Qualitative evaluation relies on human interpretation using criteria such as those outlined by RECIST whereas quantitative assessment has been performed by tedious and time-consuming manual volumetric measurements prone to human variabilities like fatigue and experience level. More recently, technological advances in deep learning are demonstrating positive outcomes that are quick, efficient, and do not require manual input. These advances are particularly evident in the use of convolutional neural networks (CNN), which can extract features from images and find non-linear relationships among complex data, and recurrent neural networks (RNN), which can integrate several points in time.
Millions of images leveraged to track tumor changes
Investigators of a retrospective proof of principle study looking to develop imaging biomarkers that can predict clinical outcomes free of human contribution evaluated deep learning CNNs combine with RNNs. Information from millions of ImageNet photographic images were leveraged to pretrain the ResNet CNN model. Transfer learning was then used to apply it to their datasets. Features of the CT images were extracted by the CNN for each time point scan and fed into the RNN for longitudinal evaluation.

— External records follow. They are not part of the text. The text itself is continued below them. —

lemma LagD_stationary_solution:
  assumes f_C1: "\<And>x y. ((\<lambda>(u, v). f u v) has_derivative
                 (\<lambda>(du, dv). f1 x y * du + f2 x y * dv)) (at (x, y))"
    and \<gamma>_inv: "invertible \<gamma>" and h_inv: "invertible h"
    and stat: "stationary (LagD f \<gamma>) (matrix_inv h)"
    and f1_nz: "f1 (a1 \<gamma> (matrix_inv h)) (a2 \<gamma> (matrix_inv h)) \<noteq> 0"
  shows "\<exists>\<phi>. \<phi> \<noteq> 0 \<and> h = \<phi> *\<^sub>R \<gamma>
           \<and> \<phi> = - 2 * f2 (2 / \<phi>) (2 / \<phi>\<^sup>2) / f1 (2 / \<phi>) (2 / \<phi>\<^sup>2)
           \<and> LagD f \<gamma> (matrix_inv h) = f (2 / \<phi>) (2 / \<phi>\<^sup>2) * sqrt \<bar>det \<gamma>\<bar>"
proof -
  define H where "H = matrix_inv h"
  define F1 where "F1 = f1 (a1 \<gamma> H) (a2 \<gamma> H)"
  define F2 where "F2 = f2 (a1 \<gamma> H) (a2 \<gamma> H)"
  have "F1 \<noteq> 0" using f1_nz unfolding F1_def H_def .
  have EL: "- (F1 *\<^sub>R \<gamma>) = (2 * F2) *\<^sub>R (\<gamma> ** H ** \<gamma>)"
    using stat stationary_LagD_iff[OF f_C1 \<gamma>_inv] unfolding F1_def F2_def H_def
    by (simp add: neg_eq_iff_add_eq_0)
  have "F2 \<noteq> 0"
  proof
    assume "F2 = 0"
    with EL \<open>F1 \<noteq> 0\<close> have "\<gamma> = 0" by simp
    with invertible_nonzero[OF \<gamma>_inv] show False ..
  qed
  have "\<gamma> ** H ** \<gamma> = inverse (2 * F2) *\<^sub>R ((2 * F2) *\<^sub>R (\<gamma> ** H ** \<gamma>))"
    using \<open>F2 \<noteq> 0\<close> by simp
  also have "\<dots> = (- F1 / (2 * F2)) *\<^sub>R \<gamma>"
    unfolding EL[symmetric] by (simp add: field_simps)
  finally have "\<gamma> ** matrix_inv h ** \<gamma> = (- F1 / (2 * F2)) *\<^sub>R \<gamma>" unfolding H_def .
  from proportional_if_sandwich_scaleR[OF \<gamma>_inv h_inv this]
  have h: "h = (- 2 * F2 / F1) *\<^sub>R \<gamma>" by simp
  define \<phi> where "\<phi> = - 2 * F2 / F1"
  have "\<phi> \<noteq> 0" using \<open>F1 \<noteq> 0\<close> \<open>F2 \<noteq> 0\<close> unfolding \<phi>_def by simp
  have a1: "a1 \<gamma> H = 2 / \<phi>" and a2: "a2 \<gamma> H = 2 / \<phi>\<^sup>2"
    unfolding H_def h \<phi>_def[symmetric]
    using a1_matrix_inv_scaleR a2_matrix_inv_scaleR \<open>\<phi> \<noteq> 0\<close> \<gamma>_inv by blast+
  show ?thesis
  proof (intro exI conjI)
    show "\<phi> \<noteq> 0" and "h = \<phi> *\<^sub>R \<gamma>" using \<open>\<phi> \<noteq> 0\<close> h unfolding \<phi>_def by simp_all
    show "\<phi> = - 2 * f2 (2 / \<phi>) (2 / \<phi>\<^sup>2) / f1 (2 / \<phi>) (2 / \<phi>\<^sup>2)"
      using \<phi>_def unfolding F1_def F2_def a1 a2 .
    show "LagD f \<gamma> (matrix_inv h) = f (2 / \<phi>) (2 / \<phi>\<^sup>2) * sqrt \<bar>det \<gamma>\<bar>"
      unfolding LagD_def H_def[symmetric] a1 a2 by (rule mult.commute)
  qed
qed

Based on an analysis of a given series of CT scans spanning pretreatment through multiple follow-up points in time, the researchers' algorithm model assessed various clinical outcomes including survival, treatment response, progression, distant metastasis, locoregional recurrence, and pathologic response. While most earlier quantitative studies focused on developing imaging biomarkers from a single scan, this study demonstrated how deep learning CNNs together with RNNs can be modeled to automatically extract changes and accurately predict outcomes by using a range of time points.
Lung cancer patient datasets
Two datasets were developed from the pretreatment and posttreatment image data of 268 NSCLC patients with a total of 739 CT scans. These were used to develop machine learning models based on CNN and RNN neural networks that would be able to analyze the value of deep learning-based biomarkers in predicting survival and other clinical endpoints.

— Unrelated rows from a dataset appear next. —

(* Fix $n\ge1$ and let $\mathcal A_n=\{(a_1,\dots,a_n):a_k\in\mathbb Z_{\ge0},\ \sum_{i=1}^n ia_i=n\}$. For integers $K\ge n$ and $\theta>0$, let $\mathbf A_n$ be the $\mathcal A_n$-valued random variable (the allele-count partition of a sample of size $n$ from a symmetric $\mathrm{Dirichlet}(\frac\theta K,\dots,\frac\theta K)$ population with $K$ alleles) with distribution $$P\{\mathbf A_n=\mathbf a\}=\frac{n!}{\prod_{j=1}^n a_j!}\,\frac{K!}{(K-\sum_{i=1}^n a_i)!}\,\frac{1}{\theta_{(n)}}\prod_{j=1}^n\Big(\frac{\Gamma(j+\theta/K)}{j!\,\Gamma(\theta/K)}\Big)^{a_j},$$ where $\theta_{(n)}=\theta(\theta+1)\cdots(\theta+n-1)$. Assume $\theta=\theta(K)$ grows with $K$ and $\lim_{K\to\infty}\theta/K=c\in(0,+\infty]$. Then, as $K\to\infty$, the family of laws of $\mathbf A_n$ satisfies an LDP on $\mathcal A_n$ with speed $\log K$ and rate function $I_{\mathrm{esf}}(\mathbf a)=n-\sum_{i=1}^n a_i$.
   Context: An LDP with speed $\log K$ uses normalization $(\log K)^{-1}\log$ as $K\to\infty$. *)

theory Defs
  imports "HOL-Analysis.Analysis"
begin

definition elog :: "real \<Rightarrow> ereal" where
  "elog p = (if p \<le> 0 then - \<infinity> else ereal (ln p))"

definition ldp :: "(nat \<Rightarrow> 'a set \<Rightarrow> real) \<Rightarrow> (nat \<Rightarrow> real) \<Rightarrow> ('a \<Rightarrow> ereal) \<Rightarrow> 'a topology \<Rightarrow> bool"
  where "ldp P s I T \<longleftrightarrow>
     (\<forall>x\<in>topspace T. I x \<ge> 0) \<and>
     (\<forall>\<alpha>::real. closedin T {x \<in> topspace T. I x \<le> ereal \<alpha>}) \<and>
     (\<forall>F. closedin T F \<longrightarrow>
        limsup (\<lambda>K. ereal (1 / s K) * elog (P K F)) \<le> - (INF x\<in>F. I x)) \<and>
     (\<forall>G. openin T G \<longrightarrow>
        liminf (\<lambda>K. ereal (1 / s K) * elog (P K G)) \<ge> - (INF x\<in>G. I x))"

text \<open>The state space A_n; a = [a_1, ..., a_n] is stored as a list with a_j = a ! (j-1).\<close>
definition alloc_space :: "nat \<Rightarrow> nat list set" where
  "alloc_space n = {a. length a = n \<and> (\<Sum>i<n. (i + 1) * a ! i) = n}"

definition dirichlet_pmf :: "nat \<Rightarrow> nat \<Rightarrow> real \<Rightarrow> nat list \<Rightarrow> real" where
  "dirichlet_pmf n K \<theta> a =
     fact n / (\<Prod>j<n. fact (a ! j))
     * fact K / fact (K - (\<Sum>i<n. a ! i))
     * (1 / pochhammer \<theta> n)
     * (\<Prod>j<n. (Gamma (real (j + 1) + \<theta> / real K)
                   / (fact (j + 1) * Gamma (\<theta> / real K))) ^ (a ! j))"

definition dirichlet_law :: "nat \<Rightarrow> nat \<Rightarrow> real \<Rightarrow> nat list set \<Rightarrow> real" where
  "dirichlet_law n K \<theta> B = (\<Sum>a\<in>B \<inter> alloc_space n. dirichlet_pmf n K \<theta> a)"

definition I_esf :: "nat \<Rightarrow> nat list \<Rightarrow> ereal" where
  "I_esf n a = ereal (real n - (\<Sum>i<n. real (a ! i)))"

end

theory Submission
  imports Defs
begin

text \<open>Once \<open>\<theta>/K\<close> stays above some \<open>\<delta> > 0\<close>, every factor of the sampling formula has exact
  polynomial order in \<open>K\<close>: with \<open>|a| = \<Sum>\<^sub>i a\<^sub>i\<close>, the falling factorial \<open>K!/(K - |a|)!\<close> is of
  order \<open>K\<^bsup>|a|\<^esup>\<close>; the \<open>j\<close>-th Gamma ratio is a rising factorial of \<open>\<theta>/K\<close>, hence of order
  \<open>(\<theta>/K)\<^bsup>j\<^esup>\<close>, so by \<open>\<Sum>\<^sub>j j a\<^sub>j = n\<close> their product is of order \<open>(\<theta>/K)\<^bsup>n\<^esup>\<close>; and \<open>\<theta>(\<theta>+1)\<cdots>(\<theta>+n-1)\<close>
  is of order \<open>\<theta>\<^bsup>n\<^esup>\<close>. Hence \<open>P{A\<^sub>n = a}\<close> is of order \<open>K\<^bsup>|a| - n\<^esup> = K\<^bsup>-I(a)\<^esup>\<close>. On the finite
  discrete state space the probability of a set is of the order of its largest term, so
  the normalised logarithms converge to \<open>-inf I\<close> over the set, which gives both LDP
  bounds at once.\<close>

definition grows_like_powr :: "(nat \<Rightarrow> real) \<Rightarrow> real \<Rightarrow> bool" where
  "grows_like_powr f r \<longleftrightarrow> (\<exists>A>0. \<exists>B>0. eventually
     (\<lambda>K. A * real K powr r \<le> f K \<and> f K \<le> B * real K powr r) sequentially)"

lemma grows_like_powrI:
  assumes "A > 0" "B > 0"
    and "eventually (\<lambda>K. A * real K powr r \<le> f K \<and> f K \<le> B * real K powr r) sequentially"
  shows "grows_like_powr f r"
  using assms unfolding grows_like_powr_def by blast

lemma grows_like_powr_cong:
  assumes "grows_like_powr f r" and "eventually (\<lambda>K. f K = g K) sequentially"
  shows "grows_like_powr g r"
proof -
  obtain A B where "A > 0" "B > 0"
    and "eventually (\<lambda>K. A * real K powr r \<le> f K \<and> f K \<le> B * real K powr r) sequentially"
    using assms(1) unfolding grows_like_powr_def by blast
  with assms(2) show ?thesis
    by (intro grows_like_powrI[of A B]) (auto elim: eventually_elim2)
qed

lemma grows_like_powr_const: "c > 0 \<Longrightarrow> grows_like_powr (\<lambda>_. c) 0"
  by (intro grows_like_powrI[of c c] eventually_mono[OF eventually_ge_at_top[of 1]]) auto

lemma grows_like_powr_mult:
  assumes "grows_like_powr f r" and "grows_like_powr g s"
  shows "grows_like_powr (\<lambda>K. f K * g K) (r + s)"
proof -
  obtain A B where AB: "A > 0" "B > 0"
    and f: "eventually (\<lambda>K. A * real K powr r \<le> f K \<and> f K \<le> B * real K powr r) sequentially"
    using assms(1) unfolding grows_like_powr_def by blast
  obtain A' B' where AB': "A' > 0" "B' > 0"
    and g: "eventually (\<lambda>K. A' * real K powr s \<le> g K \<and> g K \<le> B' * real K powr s) sequentially"
    using assms(2) unfolding grows_like_powr_def by blast
  have "eventually (\<lambda>K. (A * A') * real K powr (r + s) \<le> f K * g K
                       \<and> f K * g K \<le> (B * B') * real K powr (r + s)) sequentially"
    using f g
  proof eventually_elim
    case (elim K)
    have "0 \<le> A * real K powr r" "0 \<le> A' * real K powr s"
      using AB AB' by simp_all
    then have nonneg: "0 \<le> f K" "0 \<le> g K"
      using elim by linarith+
    have "(A * A') * real K powr (r + s) = (A * real K powr r) * (A' * real K powr s)"
      by (simp add: powr_add)
    also have "\<dots> \<le> f K * g K"
      using elim nonneg AB' by (intro mult_mono) auto
    finally have lower: "(A * A') * real K powr (r + s) \<le> f K * g K" .
    from nonneg have "f K * g K \<le> (B * real K powr r) * (B' * real K powr s)"
      using elim AB by (intro mult_mono) auto
    also have "\<dots> = (B * B') * real K powr (r + s)"
      by (simp add: powr_add)
    finally show ?case using lower by blast
  qed
  then show ?thesis
    using AB AB' by (intro grows_like_powrI[of "A * A'" "B * B'"]) auto
qed

lemma grows_like_powr_sum:
  assumes "finite F" "a\<^sub>0 \<in> F" "\<And>a. a \<in> F \<Longrightarrow> r a \<le> r a\<^sub>0"
    and "\<And>a. a \<in> F \<Longrightarrow> grows_like_powr (f a) (r a)"
  shows "grows_like_powr (\<lambda>K. \<Sum>a\<in>F. f a K) (r a\<^sub>0)"
proof -
  have "\<forall>a\<in>F. \<exists>A B. A > 0 \<and> B > 0 \<and> eventually
      (\<lambda>K. A * real K powr r a \<le> f a K \<and> f a K \<le> B * real K powr r a) sequentially"
    using assms(4) unfolding grows_like_powr_def by simp
  from bchoice[OF this] obtain A where "\<forall>a\<in>F. \<exists>B. A a > 0 \<and> B > 0 \<and> eventually
      (\<lambda>K. A a * real K powr r a \<le> f a K \<and> f a K \<le> B * real K powr r a) sequentially"
    ..
  from bchoice[OF this] obtain B where "\<forall>a\<in>F. A a > 0 \<and> B a > 0 \<and> eventually
      (\<lambda>K. A a * real K powr r a \<le> f a K \<and> f a K \<le> B a * real K powr r a) sequentially"
    ..
  then have AB: "\<And>a. a \<in> F \<Longrightarrow> A a > 0 \<and> B a > 0"
    and bounds: "\<And>a. a \<in> F \<Longrightarrow> eventually
      (\<lambda>K. A a * real K powr r a \<le> f a K \<and> f a K \<le> B a * real K powr r a) sequentially"
    by blast+
  have "eventually (\<lambda>K. \<forall>a\<in>F.
      A a * real K powr r a \<le> f a K \<and> f a K \<le> B a * real K powr r a) sequentially"
    using bounds by (intro eventually_ball_finite[OF assms(1)]) blast
  then have "eventually (\<lambda>K. A a\<^sub>0 * real K powr r a\<^sub>0 \<le> (\<Sum>a\<in>F. f a K)
      \<and> (\<Sum>a\<in>F. f a K) \<le> (\<Sum>a\<in>F. B a) * real K powr r a\<^sub>0) sequentially"
    using eventually_ge_at_top[of 1]
  proof eventually_elim
    case (elim K)
    have nonneg: "0 \<le> f a K" if "a \<in> F" for a
    proof -
      have "0 \<le> A a * real K powr r a" using AB[OF that] by simp
      then show ?thesis using elim that by (meson order_trans)
    qed
    have "A a\<^sub>0 * real K powr r a\<^sub>0 \<le> f a\<^sub>0 K"
      using elim assms(2) by blast
    also have "\<dots> \<le> (\<Sum>a\<in>F. f a K)"
      using assms(1,2) nonneg by (intro member_le_sum) auto
    finally have lower: "A a\<^sub>0 * real K powr r a\<^sub>0 \<le> (\<Sum>a\<in>F. f a K)" .
    have "(\<Sum>a\<in>F. f a K) \<le> (\<Sum>a\<in>F. B a * real K powr r a\<^sub>0)"
    proof (rule sum_mono)
      fix a assume a: "a \<in> F"
      have "f a K \<le> B a * real K powr r a" using elim a by blast
      also have "\<dots> \<le> B a * real K powr r a\<^sub>0"
        using AB[OF a] assms(3)[OF a] elim by (intro mult_left_mono powr_mono) auto
      finally show "f a K \<le> B a * real K powr r a\<^sub>0" .
    qed
    then show ?case using lower by (simp add: sum_distrib_right)
  qed
  moreover have "(\<Sum>a\<in>F. B a) > 0"
    using assms(1,2) AB by (intro sum_pos) auto
  ultimately show ?thesis
    using AB assms(2) by (intro grows_like_powrI) auto
qed

lemma grows_like_powr_tendsto_elog:
  assumes "grows_like_powr f r"
  shows "((\<lambda>K. ereal (1 / ln (real K)) * elog (f K)) \<longlongrightarrow> ereal r) sequentially"
proof -
  obtain A B where AB: "A > 0" "B > 0"
    and bounds: "eventually (\<lambda>K. A * real K powr r \<le> f K \<and> f K \<le> B * real K powr r) sequentially"
    using assms unfolding grows_like_powr_def by blast
  have const_over_ln: "((\<lambda>K. c / ln (real K)) \<longlongrightarrow> 0) sequentially" for c
    using filterlim_compose[OF ln_at_top filterlim_real_sequentially]
    by (intro tendsto_divide_0[OF tendsto_const] filterlim_at_top_imp_at_infinity)
  have squeeze: "eventually (\<lambda>K. f K > 0
      \<and> ln A / ln (real K) \<le> ln (f K) / ln (real K) - r
      \<and> ln (f K) / ln (real K) - r \<le> ln B / ln (real K)) sequentially"
    using bounds eventually_ge_at_top[of 2]
  proof eventually_elim
    case (elim K)
    then have lnK: "ln (real K) > 0" by simp
    have "0 < A * real K powr r" using AB elim by simp
    then have fpos: "f K > 0" using elim by linarith
    have "ln (A * real K powr r) \<le> ln (f K)"
      using elim \<open>0 < A * real K powr r\<close> by (subst ln_le_cancel_iff) auto
    then have lower: "ln A \<le> ln (f K) - r * ln (real K)"
      using AB elim by (simp add: ln_mult)
    have "ln (f K) \<le> ln (B * real K powr r)"
      using elim fpos by (subst ln_le_cancel_iff) auto
    then have upper: "ln (f K) - r * ln (real K) \<le> ln B"
      using AB elim by (simp add: ln_mult)
    have "ln (f K) / ln (real K) - r = (ln (f K) - r * ln (real K)) / ln (real K)"
      using lnK by (simp add: diff_divide_distrib)
    then show ?case
      using divide_right_mono[OF lower] divide_right_mono[OF upper] fpos lnK by simp
  qed
  have "((\<lambda>K. ln (f K) / ln (real K) - r) \<longlongrightarrow> 0) sequentially"
    by (rule tendsto_sandwich[OF eventually_mono[OF squeeze] eventually_mono[OF squeeze]
          const_over_ln[of "ln A"] const_over_ln[of "ln B"]]) simp_all
  from tendsto_add[OF this tendsto_const[of r]]
  have "((\<lambda>K. ereal (ln (f K) / ln (real K))) \<longlongrightarrow> ereal r) sequentially"
    by (intro tendsto_ereal) simp
  moreover have "eventually (\<lambda>K.
      ereal (ln (f K) / ln (real K)) = ereal (1 / ln (real K)) * elog (f K)) sequentially"
    using squeeze by eventually_elim (simp add: elog_def)
  ultimately show ?thesis
    by (rule Lim_transform_eventually)
qed


lemma power_le_pochhammer:
  fixes x :: real
  assumes "0 \<le> x"
  shows "x ^ k \<le> pochhammer x k"
proof -
  have "x ^ k = (\<Prod>i = 0..<k. x)" by simp
  also have "\<dots> \<le> (\<Prod>i = 0..<k. x + real i)"
    using assms by (intro prod_mono) auto
  finally show ?thesis by (simp add: pochhammer_prod)
qed

lemma pochhammer_le_power:
  fixes x :: real
  assumes "0 \<le> x"
  shows "pochhammer x k \<le> (x + real k - 1) ^ k"
proof -
  have "pochhammer x k = (\<Prod>i = 0..<k. x + real i)" by (simp add: pochhammer_prod)
  also have "\<dots> \<le> (\<Prod>i = 0..<k. x + real k - 1)"
    using assms by (intro prod_mono) auto
  finally show ?thesis by simp
qed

All patients had similar diagnoses of stage III NSCLC but differed in their specific disease burden which in turn guided selection of the treatment protocol they received. Based on the chosen regimen, patients were assigned to two different groups: those who received definitive chemoradiation were assigned to dataset A, while patients who were treated with chemoradiation followed by resection were assigned to dataset B.
Dataset A included 179 patients with stage III NSCLC who received definitive radiation therapy and chemotherapy (carboplatin/paclitaxel or cisplatin/etoposide) between 2003 and 2014. Nearly 53 percent of patients in this group were female between age 32 and 93 with a predominant diagnosis of stage IIIA disease (59 percent) and more than 58 percent categorized as adenocarcinoma histology. Patients received a median radiation dose of 66 Gy and more than 31 months of follow-up. Prediction of survival and other clinical endpoints including distant metastases, locoregional recurrence, and progression were evaluated.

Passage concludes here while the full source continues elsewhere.